[Recorded data]
▬▬▬

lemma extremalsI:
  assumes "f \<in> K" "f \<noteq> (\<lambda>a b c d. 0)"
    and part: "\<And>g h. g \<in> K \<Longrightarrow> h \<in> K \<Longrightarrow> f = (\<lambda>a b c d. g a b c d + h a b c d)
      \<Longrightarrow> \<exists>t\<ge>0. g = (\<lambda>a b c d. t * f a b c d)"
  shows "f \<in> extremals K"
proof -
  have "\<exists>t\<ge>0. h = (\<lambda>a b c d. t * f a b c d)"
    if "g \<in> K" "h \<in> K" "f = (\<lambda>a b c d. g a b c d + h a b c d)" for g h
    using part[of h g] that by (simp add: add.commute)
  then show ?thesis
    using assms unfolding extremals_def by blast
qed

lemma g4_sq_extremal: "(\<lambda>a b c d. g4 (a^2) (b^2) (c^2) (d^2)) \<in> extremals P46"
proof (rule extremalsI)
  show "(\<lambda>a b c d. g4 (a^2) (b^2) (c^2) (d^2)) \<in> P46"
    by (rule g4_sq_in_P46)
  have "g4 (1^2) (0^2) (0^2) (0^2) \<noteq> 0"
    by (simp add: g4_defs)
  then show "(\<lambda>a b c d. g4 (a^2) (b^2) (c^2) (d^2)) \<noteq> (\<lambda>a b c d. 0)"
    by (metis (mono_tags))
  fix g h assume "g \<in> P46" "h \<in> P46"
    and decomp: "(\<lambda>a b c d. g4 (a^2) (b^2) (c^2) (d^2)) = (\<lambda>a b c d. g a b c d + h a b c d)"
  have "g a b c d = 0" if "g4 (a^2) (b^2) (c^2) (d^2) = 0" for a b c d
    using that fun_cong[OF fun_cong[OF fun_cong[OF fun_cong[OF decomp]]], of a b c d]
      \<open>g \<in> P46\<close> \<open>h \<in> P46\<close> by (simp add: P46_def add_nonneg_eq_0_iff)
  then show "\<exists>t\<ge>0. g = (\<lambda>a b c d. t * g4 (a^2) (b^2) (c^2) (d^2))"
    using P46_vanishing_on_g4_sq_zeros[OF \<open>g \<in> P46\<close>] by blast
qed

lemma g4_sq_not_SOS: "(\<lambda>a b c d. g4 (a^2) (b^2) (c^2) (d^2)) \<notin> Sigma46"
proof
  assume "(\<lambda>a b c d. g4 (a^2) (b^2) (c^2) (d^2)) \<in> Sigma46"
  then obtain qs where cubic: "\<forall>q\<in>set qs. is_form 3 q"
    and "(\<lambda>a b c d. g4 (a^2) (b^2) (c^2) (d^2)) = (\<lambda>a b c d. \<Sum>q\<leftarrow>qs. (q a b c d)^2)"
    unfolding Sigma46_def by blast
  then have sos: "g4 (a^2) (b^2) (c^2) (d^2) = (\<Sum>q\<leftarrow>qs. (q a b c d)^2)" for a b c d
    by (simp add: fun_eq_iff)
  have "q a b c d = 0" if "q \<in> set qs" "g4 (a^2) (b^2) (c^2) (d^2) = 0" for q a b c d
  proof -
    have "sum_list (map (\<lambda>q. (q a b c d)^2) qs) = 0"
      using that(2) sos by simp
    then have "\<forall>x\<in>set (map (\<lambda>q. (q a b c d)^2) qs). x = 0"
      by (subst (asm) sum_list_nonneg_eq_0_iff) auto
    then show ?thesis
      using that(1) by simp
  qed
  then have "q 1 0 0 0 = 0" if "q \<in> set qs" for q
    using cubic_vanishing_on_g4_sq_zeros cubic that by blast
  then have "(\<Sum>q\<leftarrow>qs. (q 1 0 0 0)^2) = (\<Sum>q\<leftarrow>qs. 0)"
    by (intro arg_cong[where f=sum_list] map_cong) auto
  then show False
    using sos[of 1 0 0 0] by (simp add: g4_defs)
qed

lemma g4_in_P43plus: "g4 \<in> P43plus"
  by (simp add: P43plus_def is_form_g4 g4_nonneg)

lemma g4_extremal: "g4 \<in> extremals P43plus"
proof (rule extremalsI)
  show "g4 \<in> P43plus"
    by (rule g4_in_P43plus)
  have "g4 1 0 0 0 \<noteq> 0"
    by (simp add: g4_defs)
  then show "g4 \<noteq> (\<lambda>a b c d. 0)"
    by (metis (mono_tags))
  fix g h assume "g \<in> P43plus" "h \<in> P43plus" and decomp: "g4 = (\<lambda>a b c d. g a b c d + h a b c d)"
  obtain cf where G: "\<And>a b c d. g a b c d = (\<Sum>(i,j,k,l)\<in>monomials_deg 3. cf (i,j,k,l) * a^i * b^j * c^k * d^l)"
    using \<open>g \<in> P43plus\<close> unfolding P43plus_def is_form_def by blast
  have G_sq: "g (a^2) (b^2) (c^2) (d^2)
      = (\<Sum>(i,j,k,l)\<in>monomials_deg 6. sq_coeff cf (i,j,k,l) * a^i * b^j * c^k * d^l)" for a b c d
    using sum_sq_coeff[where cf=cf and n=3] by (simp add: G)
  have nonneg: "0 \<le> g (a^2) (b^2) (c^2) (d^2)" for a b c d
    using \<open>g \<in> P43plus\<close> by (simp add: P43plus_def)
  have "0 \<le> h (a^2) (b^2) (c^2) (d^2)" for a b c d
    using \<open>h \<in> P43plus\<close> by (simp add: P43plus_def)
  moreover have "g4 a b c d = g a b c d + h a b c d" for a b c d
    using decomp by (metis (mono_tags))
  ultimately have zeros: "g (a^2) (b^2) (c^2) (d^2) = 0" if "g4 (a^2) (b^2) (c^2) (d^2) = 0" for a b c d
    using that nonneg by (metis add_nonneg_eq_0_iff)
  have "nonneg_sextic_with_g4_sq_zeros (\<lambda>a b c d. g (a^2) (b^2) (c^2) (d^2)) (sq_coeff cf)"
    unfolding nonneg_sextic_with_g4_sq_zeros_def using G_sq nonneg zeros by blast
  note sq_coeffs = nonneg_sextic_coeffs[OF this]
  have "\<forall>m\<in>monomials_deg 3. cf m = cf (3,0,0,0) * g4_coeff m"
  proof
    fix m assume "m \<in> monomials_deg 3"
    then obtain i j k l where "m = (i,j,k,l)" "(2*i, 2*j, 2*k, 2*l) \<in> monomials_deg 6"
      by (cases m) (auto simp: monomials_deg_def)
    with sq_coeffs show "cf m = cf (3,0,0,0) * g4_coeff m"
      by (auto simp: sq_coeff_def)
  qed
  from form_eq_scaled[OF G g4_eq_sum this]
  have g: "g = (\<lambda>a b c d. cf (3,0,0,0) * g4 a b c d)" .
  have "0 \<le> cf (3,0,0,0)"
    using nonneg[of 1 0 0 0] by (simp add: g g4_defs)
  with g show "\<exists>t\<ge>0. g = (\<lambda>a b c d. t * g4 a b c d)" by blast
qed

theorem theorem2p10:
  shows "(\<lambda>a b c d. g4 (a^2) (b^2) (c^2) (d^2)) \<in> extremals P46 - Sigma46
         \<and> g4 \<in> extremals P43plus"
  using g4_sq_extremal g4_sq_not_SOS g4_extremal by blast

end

▬▬▬

§ Aim of the task
Copy out each line of the data containing the string "metis".

§ Solution for this problem
    by (metis (mono_tags))
    by (metis (mono_tags))
    using decomp by (metis (mono_tags))
    using that nonneg by (metis add_nonneg_eq_0_iff)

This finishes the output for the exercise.